Retrograde axonal delivery with neural tracer conjugated nanoparticles
Rather than modulate/penetrate the BBB, one could alternatively, bypass it entirely by utilising neuronal axonal transport as a delivery highway. Payloads applied at distal nerve terminals can be conveyed retrogradely to neuronal cell bodies [55]. As a honorary mention, Mao’s group at UNSW have advanced this paradigm by conjugating wheat germ agglutinin–horseradish peroxidase (WGA-HRP), a classical neural tracer with strong retrograde transport capacity, onto gold nanoparticle (AuNP) cores, thereby imparting axonal targeting and transport functionality [56]. WGA binds to neuronal surface glyco-motifs (e.g. N-acetylglucosamine, sialic acid) and is internalized via clathrin-mediated endocytosis, then trafficked by dynein motors along microtubules. By chemically conjugating WGA-HRP to AuNP, the nanoparticle inherits the tracer’s intrinsic capacity for retrograde sorting and transport. The conjugation is covalent (via classical coupling chemistries), preserving ligand orientation and function [57].
Thus, in their work, Mao et al. cultured primary dorsal root ganglion (DRG) neurons in microfluidic compartmental devices separating axonal termini from somata and thus enabling controlled exposure and real-time imaging of transport dynamics. Without the tracer, ~55.8 % of AuNP-containing endosomes were stationary, 39.5 % underwent retrograde motion, and a minor fraction showed anterograde motion. In contrast, AuNP–WGA-HRP endosomes preferentially underwent retrograde movement (~83.7 %) with reduced stationary dwell times. The average retrograde velocity was ~1.4 ± 0.5 µm/s for AuNP–WGA-HRP (vs ~0.5 ± 0.2 µm/s for bare AuNP, and ~1.1 ± 0.5 µm/s for WGA-HRP itself). They also analysed the “run-and-pause” behaviour along the axon and found that AuNP–WGA-HRP endosomes sustained longer runs, shorter pauses, and higher instantaneous velocities than unconjugated AuNP. Dynein inhibition (via dynarrestin) abolished retrograde motion of both AuNP–WGA-HRP and free WGA-HRP, confirming that transport was mediated by dynein-driven microtubule machinery.

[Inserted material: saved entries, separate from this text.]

(* Let $(u,\rho)$ be a smooth solution on $[0,T)$ of the CH2 system on $S_1=\mathbb{R}/2\pi\mathbb{Z}$ (coordinate $\theta$) $$\partial_t m+u\,\partial_\theta m+2m\,\partial_\theta u=-\rho\,\partial_\theta\rho,\qquad m=u-\tfrac14\partial_{\theta\theta}u,\qquad \partial_t\rho+\partial_\theta(\rho u)=0 .$$ Let $N=S_1\times\mathbb{R}_{>0}\times S_1\times S_1$ with coordinates $(\theta,r,y,z)$ (the second circle being $\mathbb{R}/\mathbb{Z}$ in $y$) and metric $$h=r^2(\mathrm{d}\theta)^2+(\mathrm{d}r)^2+r^2(\mathrm{d}y)^2+r^{-10}(\mathrm{d}z)^2 ,$$ and define $$v(t,\theta,r,y,z)=u(t,\theta)\,\partial_\theta+\rho(t,\theta)\,\partial_y+\tfrac{r}{2}\,\partial_\theta u(t,\theta)\,\partial_r .$$ Then there exists a pressure $p$ on $[0,T)\times N$ such that $\partial_t v+\nabla_v v=-\nabla p$ and $\operatorname{div}_h v=0$, i.e. $v$ solves the incompressible Euler equation on $(N,h)$.
   Context: $\nabla$ is the Levi-Civita connection of $h$, $\nabla p$ the $h$-gradient, $\operatorname{div}_h$ the divergence with respect to the Riemannian volume form of $h$. *)

theory Defs
  imports "HOL-Analysis.Analysis"
begin

text \<open>Coordinate calculus on subsets of R^n (real^'n).  Partial derivatives are
  taken along coordinate lines, relative to the set S (one-sided at boundary points).\<close>

definition has_partial :: "(real^'n) set \<Rightarrow> 'n \<Rightarrow> (real^'n \<Rightarrow> real) \<Rightarrow> real^'n \<Rightarrow> bool" where
  "has_partial S i f x \<longleftrightarrow>
     (\<exists>d. ((\<lambda>s. f (x + s *\<^sub>R axis i 1)) has_real_derivative d)
            (at 0 within {s. x + s *\<^sub>R axis i 1 \<in> S}))"

definition partial :: "(real^'n) set \<Rightarrow> 'n \<Rightarrow> (real^'n \<Rightarrow> real) \<Rightarrow> real^'n \<Rightarrow> real" where
  "partial S i f x =
     (THE d. ((\<lambda>s. f (x + s *\<^sub>R axis i 1)) has_real_derivative d)
            (at 0 within {s. x + s *\<^sub>R axis i 1 \<in> S}))"

fun Ck :: "nat \<Rightarrow> (real^'n) set \<Rightarrow> (real^'n \<Rightarrow> real) \<Rightarrow> bool" where
  "Ck 0 S f = continuous_on S f"
| "Ck (Suc k) S f = (continuous_on S f \<and> (\<forall>i. \<forall>x\<in>S. has_partial S i f x)
                      \<and> (\<forall>i. Ck k S (partial S i f)))"

definition smooth_on :: "(real^'n) set \<Rightarrow> (real^'n \<Rightarrow> real) \<Rightarrow> bool" where
  "smooth_on S f \<longleftrightarrow> (\<forall>k. Ck k S f)"

text \<open>Riemannian geometry in a single coordinate chart, for a metric given by its
  coordinate matrix g(x).\<close>

definition christoffel :: "(real^'n) set \<Rightarrow> (real^'n \<Rightarrow> real^'n^'n) \<Rightarrow> real^'n \<Rightarrow> 'n \<Rightarrow> 'n \<Rightarrow> 'n \<Rightarrow> real" where
  "christoffel U g x k i j =
     (1/2) * (\<Sum>l\<in>UNIV. matrix_inv (g x) $ k $ l *
        (partial U i (\<lambda>y. g y $ j $ l) x + partial U j (\<lambda>y. g y $ i $ l) x
         - partial U l (\<lambda>y. g y $ i $ j) x))"
section \<open>Projection (ghost elimination)\<close>

definition keepu :: "('x + 'gx) list \<Rightarrow> 'a list \<Rightarrow> 'a list" where
  "keepu fs xs = map snd (filter (\<lambda>p. isl (fst p)) (zip fs xs))"

fun proj :: "('x + 'gx,'f + 'g,'o,'b,'m) env \<Rightarrow> ('x + 'gx,'f + 'g,'o,'b,'m) stmt
    \<Rightarrow> ('x,'f,'o,'b,'m) stmt" where
  "proj E SSkip = SSkip"
| "proj E (SNil x) = (if isl x then SNil (projl x) else SSkip)"
| "proj E (SAsg x y) = (if isl x then SAsg (projl x) (projl y) else SSkip)"
| "proj E (SBAsg x e) = (if isl x then SBAsg (projl x) (bmap projl e) else SSkip)"
| "proj E (SLookup y x f) = (if isl y then SLookup (projl y) (projl x) (projl f) else SSkip)"
| "proj E (SMut x f y) = (if isl f then SMut (projl x) (projl f) (projl y) else SSkip)"
| "proj E (SNew x) = SNew (projl x)"
| "proj E (SCall rs m ts) = (if mghost (E m) then SSkip
     else SCall (map projl (keepu (mouts (E m)) rs)) m (map projl (keepu (mins (E m)) ts)))"
| "proj E (SAssume c) = SAssume (cmap projl c)"
| "proj E SReturn = SReturn"
| "proj E (SSeq a b) = (if gh E (SSeq a b) then SSkip else SSeq (proj E a) (proj E b))"
| "proj E (SIf c a b) = (if gh E (SIf c a b) then SSkip else SIf (cmap projl c) (proj E a) (proj E b))"
| "proj E (SWhile c a) = (if gh E (SWhile c a) then SSkip else SWhile (cmap projl c) (proj E a))"
lemma laplace_of_cauchy_riemann:
  fixes u v :: "real^'n::finite \<Rightarrow> real"
  assumes "open S" "x \<in> S" "C2_partials S v"
    and cr1: "\<And>y. y \<in> S \<Longrightarrow> partial a u y = partial b v y"
    and cr2: "\<And>y. y \<in> S \<Longrightarrow> partial a v y = - partial b u y"
  shows "partial a (partial a u) x + partial b (partial b u) x = 0"
proof -
  have "partial a (partial a u) x = partial a (partial b v) x"
    using assms(1,2) cr1 by (rule partial_cong)
  moreover have "partial b (partial b u) x = partial b (\<lambda>y. - partial a v y) x"
    using assms(1,2) by (rule partial_cong) (simp add: cr2)
  moreover have "\<dots> = - partial b (partial a v) x"
    using assms(2,3) unfolding C2_partials_def by (intro partial_uminus) blast
  moreover have "partial a (partial b v) x = partial b (partial a v) x"
    using assms(1-3) by (rule partial_partial_commute)
  ultimately show ?thesis by simp
qed

lemma harmonic_on_setI_bit0:
  fixes g :: "real^'k::finite bit0 \<Rightarrow> real"
  assumes "C2_partials S g"
    and "\<And>x i. x \<in> S \<Longrightarrow> i < CARD('k) \<Longrightarrow>
      partial (ix i) (partial (ix i) g) x
        + partial (ix (i + CARD('k))) (partial (ix (i + CARD('k))) g) x = 0"
  shows "harmonic_on_set S g"
  using assms unfolding harmonic_on_set_def sum_bit0_halves by simp

theorem mainTheorem9:
  fixes \<Omega> :: "(real^('k::finite bit0)) set"
    and f :: "real^('k bit0) \<Rightarrow> real^('k bit0)"
  assumes "open \<Omega>"
    and "analytic_on_set \<Omega> f"
  shows "(\<forall>m<CARD('k). \<forall>i<CARD('k). \<forall>x\<in>\<Omega>.
            partial (ix i) (\<lambda>y. f y $ ix m) x
              = partial (ix (i + CARD('k))) (\<lambda>y. f y $ ix (m + CARD('k))) x
          \<and> partial (ix i) (\<lambda>y. f y $ ix (m + CARD('k))) x
              = - partial (ix (i + CARD('k))) (\<lambda>y. f y $ ix m) x)
       \<and> (\<forall>m<CARD('k). \<forall>i<CARD('k). \<forall>x\<in>\<Omega>.
            partial (ix i) (partial (ix i) (\<lambda>y. f y $ ix m)) x
              + partial (ix (i + CARD('k))) (partial (ix (i + CARD('k))) (\<lambda>y. f y $ ix m)) x = 0
          \<and> partial (ix i) (partial (ix i) (\<lambda>y. f y $ ix (m + CARD('k)))) x
              + partial (ix (i + CARD('k))) (partial (ix (i + CARD('k))) (\<lambda>y. f y $ ix (m + CARD('k)))) x = 0)
       \<and> (\<forall>m. harmonic_on_set \<Omega> (\<lambda>y. f y $ m))"
proof -
  have C2: "C2_partials \<Omega> (\<lambda>y. f y $ m)" for m
    using assms(2) unfolding analytic_on_set_def by blast
  have "cdifferentiable_at f a" if "a \<in> \<Omega>" for a
    using assms(2) that unfolding analytic_on_set_def by blast
  note CR = cauchy_riemann[OF this]
  have laplace_re: "partial (ix i) (partial (ix i) (\<lambda>y. f y $ ix m)) x
      + partial (ix (i + CARD('k))) (partial (ix (i + CARD('k))) (\<lambda>y. f y $ ix m)) x = 0"
    if "m < CARD('k)" "i < CARD('k)" "x \<in> \<Omega>" for m i x
    using assms(1) that(3) C2 CR[OF _ that(1,2)] by (intro laplace_of_cauchy_riemann) auto
  have laplace_im: "partial (ix i) (partial (ix i) (\<lambda>y. f y $ ix (m + CARD('k)))) x
      + partial (ix (i + CARD('k))) (partial (ix (i + CARD('k))) (\<lambda>y. f y $ ix (m + CARD('k)))) x = 0"
    if "m < CARD('k)" "i < CARD('k)" "x \<in> \<Omega>" for m i x
    using assms(1) that(3) C2 CR[OF _ that(1,2)]
    by (subst add.commute, intro laplace_of_cauchy_riemann) (auto simp: minus_equation_iff)
  have "harmonic_on_set \<Omega> (\<lambda>y. f y $ m)" for m
  proof -
    obtain j where "j < CARD('k)" "m = ix j \<or> m = ix (j + CARD('k))" by (rule bit0_halves_cases)
    then show ?thesis using C2 laplace_re laplace_im by (intro harmonic_on_setI_bit0) auto
  qed
  then show ?thesis using CR laplace_re laplace_im by blast
qed

end
definition additive_weights :: "('i list \<Rightarrow> 'a \<Rightarrow> 'a) \<Rightarrow> bool" where
  "additive_weights g \<longleftrightarrow> (\<forall>w a b. set w \<subseteq> I \<longrightarrow> g w (a + b) = g w a + g w b)"

lemma additive_weightsD: "additive_weights g \<Longrightarrow> set w \<subseteq> I \<Longrightarrow> g w (a + b) = g w a + g w b"
  unfolding additive_weights_def by blast

lemma additive_weights_zero: "additive_weights g \<Longrightarrow> set w \<subseteq> I \<Longrightarrow> g w 0 = 0"
  using additive_weightsD[of g w 0 0] by simp

lemma additive_weights_append:
  "additive_weights g \<Longrightarrow> k \<in> I \<Longrightarrow> additive_weights (\<lambda>w. g (w @ [k]))"
  unfolding additive_weights_def by simp

lemma coeff_sum_sum:
  assumes "finite F" and "inj_on h F" and words: "\<And>w. w \<in> F \<Longrightarrow> set (h w) \<subseteq> I"
    and g: "additive_weights g"
  shows "coeff_sum g (\<Sum>w\<in>F. emb (c w) * monomial_word x (h w)) = (\<Sum>w\<in>F. g (h w) (c w))"
proof -
  define c' where "c' v = (if v \<in> h ` F then c (the_inv_into F h v) else 0)" for v
  have c'_h: "c' (h w) = c w" if "w \<in> F" for w
    using that assms(2) by (simp add: c'_def the_inv_into_f_f)
  have support_c': "{v. c' v \<noteq> 0} \<subseteq> h ` F"
    by (auto simp: c'_def split: if_splits)
  have "(\<Sum>w\<in>F. emb (c w) * monomial_word x (h w)) = (\<Sum>v\<in>h ` F. emb (c' v) * monomial_word x v)"
    using assms(2) by (simp add: sum.reindex c'_h)
  also have "\<dots> = lin_comb emb x c'"
    unfolding lin_comb_def
    by (rule sum.mono_neutral_right) (use assms(1) support_c' in auto)
  finally have coeff_eq: "coeff (\<Sum>w\<in>F. emb (c w) * monomial_word x (h w)) = c'"
    using support_c' assms(1) words
    by (intro coeff_unique) (auto simp: fin_coeffs_def intro: finite_subset)
  have "coeff_sum g (\<Sum>w\<in>F. emb (c w) * monomial_word x (h w)) = (\<Sum>v\<in>h ` F. g v (c' v))"
    unfolding coeff_sum_def coeff_eq
    by (rule sum.mono_neutral_left)
       (use assms(1) support_c' words additive_weights_zero[OF g] in auto)
  also have "\<dots> = (\<Sum>w\<in>F. g (h w) (c w))"
    using assms(2) by (simp add: sum.reindex c'_h)
  finally show ?thesis .
qed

If surface functionalization with WGA–HRP alters the interfacial chemistry of AuNPs, then it must also redefine their intracellular trafficking. This conjugation indeed “activated” rapid, directional retrograde transport otherwise absent in bare nanoparticles, implying a shift in endosomal sorting toward retrograde vesicles and reduced stationary trapping. Hence, the authors proposed that WGA–HRP functionalization reprograms endosomal fate to favour axonal transport. Leveraging this, they conjugated therapeutic agents (e.g., pro–adenosine receptor antagonists) to AuNP–WGA–HRP constructs, achieving targeted delivery to spinal and brainstem neurons via peripheral administration and restoring diaphragm function at only ~0.1% of the systemic dose.